=== Problem to solve ===
Check every line of the material for the word "lambda". Copy those that have it.
[Supplied information Boundary: Start]
(* For every $\varepsilon>0$ there exists $C_\varepsilon\in\mathbb R$, depending only on $\varepsilon$ and $p$, such that $$|u|\le\varepsilon\,\Gamma(u)+C_\varepsilon\qquad\text{for all }u\in\bar I_p.$$
   Context: $p\in L^1_{loc}(\mathbb R_+)$ is absolutely continuous and increasing on $(0,\infty)$ (with $p'>0$), and $\lim_{u\to+\infty}p(u)=+\infty$. If $p(0):=\lim_{u\downarrow0}p(u)$ is finite, $p$ is extended to $\mathbb R$ by $p(u)=2p(0)-p(-u)$ for $u\le0$. $I_p=(0,\infty)$ if $p(0)=-\infty$ and $I_p=\mathbb R$ otherwise; $\bar I_p$ is its closure in $\mathbb R$. $\Gamma(u)=\int_1^u(p(a)-p(1))\,da$ for $u\in\bar I_p$. *)

theory Defs
  imports "HOL-Analysis.Analysis"
begin

definition abs_cont_on_interval :: "(real \<Rightarrow> real) \<Rightarrow> real \<Rightarrow> real \<Rightarrow> bool" where
  "abs_cont_on_interval f a b \<longleftrightarrow>
     (\<forall>\<epsilon>>0. \<exists>\<delta>>0. \<forall>(n::nat) (s::nat \<Rightarrow> real) (t::nat \<Rightarrow> real).
        (\<forall>i<n. a \<le> s i \<and> s i \<le> t i \<and> t i \<le> b) \<and>
        (\<forall>i<n. \<forall>j<n. i \<noteq> j \<longrightarrow> t i \<le> s j \<or> t j \<le> s i) \<and>
        (\<Sum>i<n. t i - s i) < \<delta>
        \<longrightarrow> (\<Sum>i<n. \<bar>f (t i) - f (s i)\<bar>) < \<epsilon>)"

definition abs_cont_on_pos :: "(real \<Rightarrow> real) \<Rightarrow> bool" where
  "abs_cont_on_pos f \<longleftrightarrow> (\<forall>a b. 0 < a \<and> a \<le> b \<longrightarrow> abs_cont_on_interval f a b)"

text \<open>The value p(0) := lim_{u -> 0+} p(u) (meaningful when finite).\<close>
definition p0 :: "(real \<Rightarrow> real) \<Rightarrow> real" where
  "p0 p = Lim (at_right 0) p"

definition p0_infinite :: "(real \<Rightarrow> real) \<Rightarrow> bool" where
  "p0_infinite p \<longleftrightarrow> filterlim p at_bot (at_right 0)"

text \<open>The extension of p: equal to p on (0,oo); if p(0) is finite, p(0) at 0 and
  the odd reflection 2 p(0) - p(-u) for u < 0.  (Values off I_p are irrelevant when
  p(0) = -oo, except at 0 where they do not affect integrals.)\<close>
definition pext :: "(real \<Rightarrow> real) \<Rightarrow> real \<Rightarrow> real" where
  "pext p u = (if 0 < u then p u else if u = 0 then p0 p else 2 * p0 p - p (- u))"

definition Ip :: "(real \<Rightarrow> real) \<Rightarrow> real set" where
  "Ip p = (if p0_infinite p then {0<..} else UNIV)"

definition Gamma_p :: "(real \<Rightarrow> real) \<Rightarrow> real \<Rightarrow> real" where
  "Gamma_p p u = (LBINT a=1..u. pext p a - pext p 1)"

end

theory Submission
  imports Defs
begin

text \<open>Since \<open>\<Gamma>' = p - p(1)\<close> is increasing and vanishes at \<open>1\<close>, the function \<open>\<Gamma>\<close> is
  convex with minimum \<open>\<Gamma>(1) = 0\<close>, so it lies above each of its tangent lines:
  \<open>\<Gamma>(u) \<ge> (p(m) - p(1)) (u - m)\<close> whenever \<open>m\<close> lies between \<open>1\<close> and \<open>u\<close>.
  Choosing \<open>M \<ge> 1\<close> with \<open>p(M) - p(1) \<ge> 1/\<epsilon>\<close> (possible since \<open>p \<rightarrow> \<infinity>\<close>) and using the
  tangents at \<open>M\<close> and, when \<open>p(0)\<close> is finite, at \<open>-M\<close>, where the odd reflection gives
  slope \<open>\<le> -1/\<epsilon>\<close>, yields \<open>|u| \<le> \<epsilon> \<Gamma>(u) + M\<close>.\<close>

lemma interval_integral_ge_const_mul:
  fixes g :: "real \<Rightarrow> real"
  assumes "a \<le> b" and "set_integrable lborel {a<..<b} g"
    and "\<And>x. a < x \<Longrightarrow> x < b \<Longrightarrow> c \<le> g x"
  shows "c * (b - a) \<le> (LBINT x=a..b. g x)"
proof -
  have "set_integrable lborel {a<..<b} (\<lambda>x. c)"
    using interval_integral_const(1)[of a b c] assms(1)
    by (simp add: interval_lebesgue_integrable_def)
  then have "(LINT x:{a<..<b}|lborel. c) \<le> (LINT x:{a<..<b}|lborel. g x)"
    by (rule set_integral_mono[OF _ assms(2)]) (use assms(3) in auto)
  moreover have "(LINT x:{a<..<b}|lborel. c) = c * (b - a)"
    using interval_lebesgue_integral_le_eq[of a b lborel "\<lambda>x. c"] assms(1) by simp
  ultimately show ?thesis
    using assms(1) by (simp add: interval_lebesgue_integral_le_eq)
qed

lemma interval_integral_le_const_mul:
  fixes g :: "real \<Rightarrow> real"
  assumes "a \<le> b" and "set_integrable lborel {a<..<b} g"
    and "\<And>x. a < x \<Longrightarrow> x < b \<Longrightarrow> g x \<le> c"
  shows "(LBINT x=a..b. g x) \<le> c * (b - a)"
proof -
  have "- c * (b - a) \<le> (LBINT x=a..b. - g x)"
    by (rule interval_integral_ge_const_mul)
       (use assms set_integrable_mult_right[of "-1" lborel "{a<..<b}" g] in auto)
  then show ?thesis
    by (simp add: interval_lebesgue_integral_uminus)
qed

lemma interval_integral_split:
  fixes g :: "real \<Rightarrow> real"
  assumes "a \<le> m" and "m \<le> b" and "set_integrable lborel {a<..<b} g"
  shows "(LBINT x=a..b. g x) = (LBINT x=a..m. g x) + (LBINT x=m..b. g x)"
  using interval_integral_sum[of a m b g] assms
  by (simp add: interval_lebesgue_integrable_def min_absorb1 max_absorb2)

lemma set_integrable_Ioo_mono:
  fixes f :: "real \<Rightarrow> real"
  assumes "mono f"
  shows "set_integrable lborel {a<..<b} f"
proof -
  have "integrable (lebesgue_on {a..b}) f"
    by (rule integrable_mono_on) (use assms in \<open>auto simp: mono_on_def mono_def\<close>)
  then have "set_integrable lebesgue {a..b} f"
    by (simp add: set_integrable_eq)
  moreover have "(\<lambda>x. indicator {a..b} x *\<^sub>R f x) \<in> borel_measurable lborel"
    using borel_measurable_mono[OF assms] by measurable
  ultimately have "set_integrable lborel {a..b} f"
    unfolding set_integrable_def using integrable_completion by blast
  then show ?thesis
    by (rule set_integrable_subset) auto
qed

lemma pext_pos: "0 < x \<Longrightarrow> pext p x = p x"
  by (simp add: pext_def)

lemma one_mem_Ip: "1 \<in> Ip p"
  by (simp add: Ip_def)

lemma mem_Ip_above_closure: "u \<in> closure (Ip p) \<Longrightarrow> u < x \<Longrightarrow> x \<in> Ip p"
  by (auto simp: Ip_def split: if_splits)

locale increasing_profile =
  fixes p :: "real \<Rightarrow> real"
  assumes locally_integrable: "\<And>b. 0 \<le> b \<Longrightarrow> set_integrable lborel {0..b} p"
    and mono: "mono_on {0<..} p"
    and p0_cases: "p0_infinite p \<or> (\<exists>L. (p \<longlongrightarrow> L) (at_right 0))"
begin

lemma mono_on_pext: "mono_on (Ip p) (pext p)"
proof (cases "p0_infinite p")
  case True
  then show ?thesis
    using mono by (auto simp: Ip_def mono_on_def pext_pos)
next
  case False
  then obtain L where L: "(p \<longlongrightarrow> L) (at_right 0)"
    using p0_cases by blast
  then have p0_eq: "p0 p = L"
    by (simp add: p0_def tendsto_Lim)
  have L_le: "L \<le> p z" if "0 < z" for z
  proof (rule tendsto_upperbound[OF L])
    have "eventually (\<lambda>x. 0 < x \<and> x < z) (at_right (0::real))"
      using eventually_at_right_real[OF that] by simp
    then show "eventually (\<lambda>x. p x \<le> p z) (at_right 0)"
      by eventually_elim (use mono in \<open>auto simp: mono_on_def\<close>)
  qed simp
  have "pext p x \<le> pext p y" if "x \<le> y" for x y
    using that mono L_le[of "-x"] L_le[of y] L_le[of "-y"]
    by (auto simp: pext_def p0_eq mono_on_def)
  then show ?thesis
    using False by (auto simp: Ip_def intro: mono_onI)
qed

lemma set_integrable_pext:
  assumes "a \<in> closure (Ip p)" and "a \<le> b"
  shows "set_integrable lborel {a<..<b} (pext p)"
proof (cases "0 \<le> a")
  case True
  have "set_integrable lborel {a<..<b} p"
    by (rule set_integrable_subset[OF locally_integrable[of b]]) (use True assms in auto)
  then show ?thesis
    by (rule set_integrable_cong[THEN iffD1, rotated -1]) (use True in \<open>auto simp: pext_pos\<close>)
next
  case False
  then have "Ip p = UNIV"
    using assms(1) by (auto simp: Ip_def split: if_splits)
  then show ?thesis
    using mono_on_pext by (simp add: set_integrable_Ioo_mono)
qed

lemma Gamma_p_ge_tangent:
  assumes u: "u \<in> closure (Ip p)" and m: "m \<in> Ip p"
    and between: "1 \<le> m \<and> m \<le> u \<or> u \<le> m \<and> m \<le> 1"
  shows "(pext p m - pext p 1) * (u - m) \<le> Gamma_p p u"
proof -
  define g where "g x = pext p x - pext p 1" for x
  have Gamma_eq: "Gamma_p p u = (LBINT x=ereal 1..u. g x)"
    by (simp add: Gamma_p_def g_def one_ereal_def)
  have g_mono: "g x \<le> g y" if "x \<in> Ip p" "y \<in> Ip p" "x \<le> y" for x y
    using mono_on_pext that by (simp add: g_def mono_on_def)
  have g_int: "set_integrable lborel {a<..<b} g" if "a \<in> closure (Ip p)" "a \<le> b" for a b
    unfolding g_def using interval_integral_const(1)[of a b "pext p 1"] that
    by (intro set_integral_diff(1) set_integrable_pext)
       (auto simp: interval_lebesgue_integrable_def)
  have g_one: "g 1 = 0"
    by (simp add: g_def)
  have one: "1 \<in> closure (Ip p)" "1 \<in> Ip p"
    using one_mem_Ip closure_subset by auto
  have m_cl: "m \<in> closure (Ip p)"
    using m closure_subset by auto
  show ?thesis
    using between
  proof
    assume um: "1 \<le> m \<and> m \<le> u"
    have "0 * (m - 1) \<le> (LBINT x=ereal 1..m. g x)"
      by (rule interval_integral_ge_const_mul)
         (use um g_int one g_one g_mono[of 1] mem_Ip_above_closure[OF one(1)] in auto)
    moreover have "g m * (u - m) \<le> (LBINT x=m..u. g x)"
      by (rule interval_integral_ge_const_mul)
         (use um g_int[OF m_cl] m g_mono[of m] mem_Ip_above_closure[OF m_cl] in auto)
    moreover have "(LBINT x=ereal 1..u. g x) = (LBINT x=ereal 1..m. g x) + (LBINT x=m..u. g x)"
      using interval_integral_split[of 1 m u g] um g_int[OF one(1)] by (simp add: one_ereal_def)
    ultimately show ?thesis
      by (simp add: Gamma_eq g_def)
  next
    assume um: "u \<le> m \<and> m \<le> 1"
    have "(LBINT x=u..m. g x) \<le> g m * (m - u)"
      by (rule interval_integral_le_const_mul)
         (use um g_int[OF u] m g_mono mem_Ip_above_closure[OF u] in auto)
    moreover have "(LBINT x=m..ereal 1. g x) \<le> 0 * (1 - m)"
      by (rule interval_integral_le_const_mul)
         (use um g_int[OF m_cl] one g_one g_mono[of _ 1] mem_Ip_above_closure[OF m_cl] in auto)
    moreover have "(LBINT x=u..ereal 1. g x) = (LBINT x=u..m. g x) + (LBINT x=m..ereal 1. g x)"
      using interval_integral_split[of u m 1 g] um g_int[OF u] by (simp add: one_ereal_def)
    ultimately show ?thesis
      by (simp add: Gamma_eq g_def interval_integral_endpoints_reverse[of "ereal 1"] algebra_simps)
  qed
qed

lemma Gamma_p_nonneg: "u \<in> closure (Ip p) \<Longrightarrow> 0 \<le> Gamma_p p u"
  using Gamma_p_ge_tangent[OF _ one_mem_Ip, of u] by (cases "u \<le> 1") auto

lemma Gamma_p_ge_abs_linear:
  assumes u: "u \<in> closure (Ip p)" and M: "1 \<le> M" and k: "0 \<le> k" "k \<le> p M - p 1"
  shows "k * (\<bar>u\<bar> - M) \<le> Gamma_p p u"
proof -
  have "k * (u - M) \<le> Gamma_p p u" if "M \<le> u"
  proof -
    have "k * (u - M) \<le> (p M - p 1) * (u - M)"
      using mult_right_mono[OF k(2), of "u - M"] that by simp
    also have "\<dots> \<le> Gamma_p p u"
      using Gamma_p_ge_tangent[OF u, of M] M that by (simp add: Ip_def pext_pos)
    finally show ?thesis .
  qed
  moreover have "k * (- u - M) \<le> Gamma_p p u" if "u \<le> - M"
  proof -
    have Ip: "Ip p = UNIV"
      using u that M by (auto simp: Ip_def split: if_splits)
    then have "p0 p \<le> p 1"
      using mono_onD[OF mono_on_pext, of 0 1] by (simp add: pext_def)
    then have "pext p (- M) - pext p 1 \<le> - k"
      using M k by (simp add: pext_def)
    then have "- k * (u + M) \<le> (pext p (- M) - pext p 1) * (u + M)"
      by (rule mult_right_mono_neg) (use that in simp)
    then have "k * (- u - M) \<le> (pext p (- M) - pext p 1) * (u - - M)"
      by (simp add: algebra_simps)
    also have "\<dots> \<le> Gamma_p p u"
      using Gamma_p_ge_tangent[OF u, of "- M"] M that Ip by simp
    finally show ?thesis .
  qed
  moreover have "k * (\<bar>u\<bar> - M) \<le> 0" if "\<bar>u\<bar> \<le> M"
    using that k(1) by (simp add: mult_nonneg_nonpos)
  ultimately show ?thesis
    using Gamma_p_nonneg[OF u] by (cases "0 \<le> u") (auto simp: abs_if, linarith+)
qed

end

theorem lemma3p2:
  fixes p :: "real \<Rightarrow> real"
  assumes L1loc: "\<And>b. 0 \<le> b \<Longrightarrow> set_integrable lborel {0..b} p"
    and ac: "abs_cont_on_pos p"
    and incr: "mono_on {0<..} p"
    and deriv_pos: "AE x in lborel. 0 < x \<longrightarrow> (\<exists>D>0. (p has_real_derivative D) (at x))"
    and lim_top: "filterlim p at_top at_top"
    and p0_cases: "p0_infinite p \<or> (\<exists>L. (p \<longlongrightarrow> L) (at_right 0))"
    and eps: "0 < \<epsilon>"
  shows "\<exists>C::real. \<forall>u \<in> closure (Ip p). \<bar>u\<bar> \<le> \<epsilon> * Gamma_p p u + C"
proof -
  interpret increasing_profile p
    using L1loc incr p0_cases by unfold_locales
  have "eventually (\<lambda>x. p 1 + 1 / \<epsilon> \<le> p x) at_top"
    using lim_top by (simp add: filterlim_at_top)
  then obtain M where M: "1 \<le> M" "1 / \<epsilon> \<le> p M - p 1"
    unfolding eventually_at_top_linorder by (metis max.cobounded1 max.cobounded2 add.commute le_diff_eq)
  have "\<bar>u\<bar> \<le> \<epsilon> * Gamma_p p u + M" if u: "u \<in> closure (Ip p)" for u
  proof -
    have "(\<bar>u\<bar> - M) / \<epsilon> \<le> Gamma_p p u"
      using Gamma_p_ge_abs_linear[OF u M(1) _ M(2)] eps by simp
    then show ?thesis
      using eps by (simp add: divide_le_eq mult.commute)
  qed
  then show ?thesis
    by blast
qed

end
[Supplied information Boundary: End]
=== Exercise response ===
  have "set_integrable lborel {a<..<b} (\<lambda>x. c)"
    using interval_lebesgue_integral_le_eq[of a b lborel "\<lambda>x. c"] assms(1) by simp
  moreover have "(\<lambda>x. indicator {a..b} x *\<^sub>R f x) \<in> borel_measurable lborel"
    have "eventually (\<lambda>x. 0 < x \<and> x < z) (at_right (0::real))"
    then show "eventually (\<lambda>x. p x \<le> p z) (at_right 0)"
  have "eventually (\<lambda>x. p 1 + 1 / \<epsilon> \<le> p x) at_top"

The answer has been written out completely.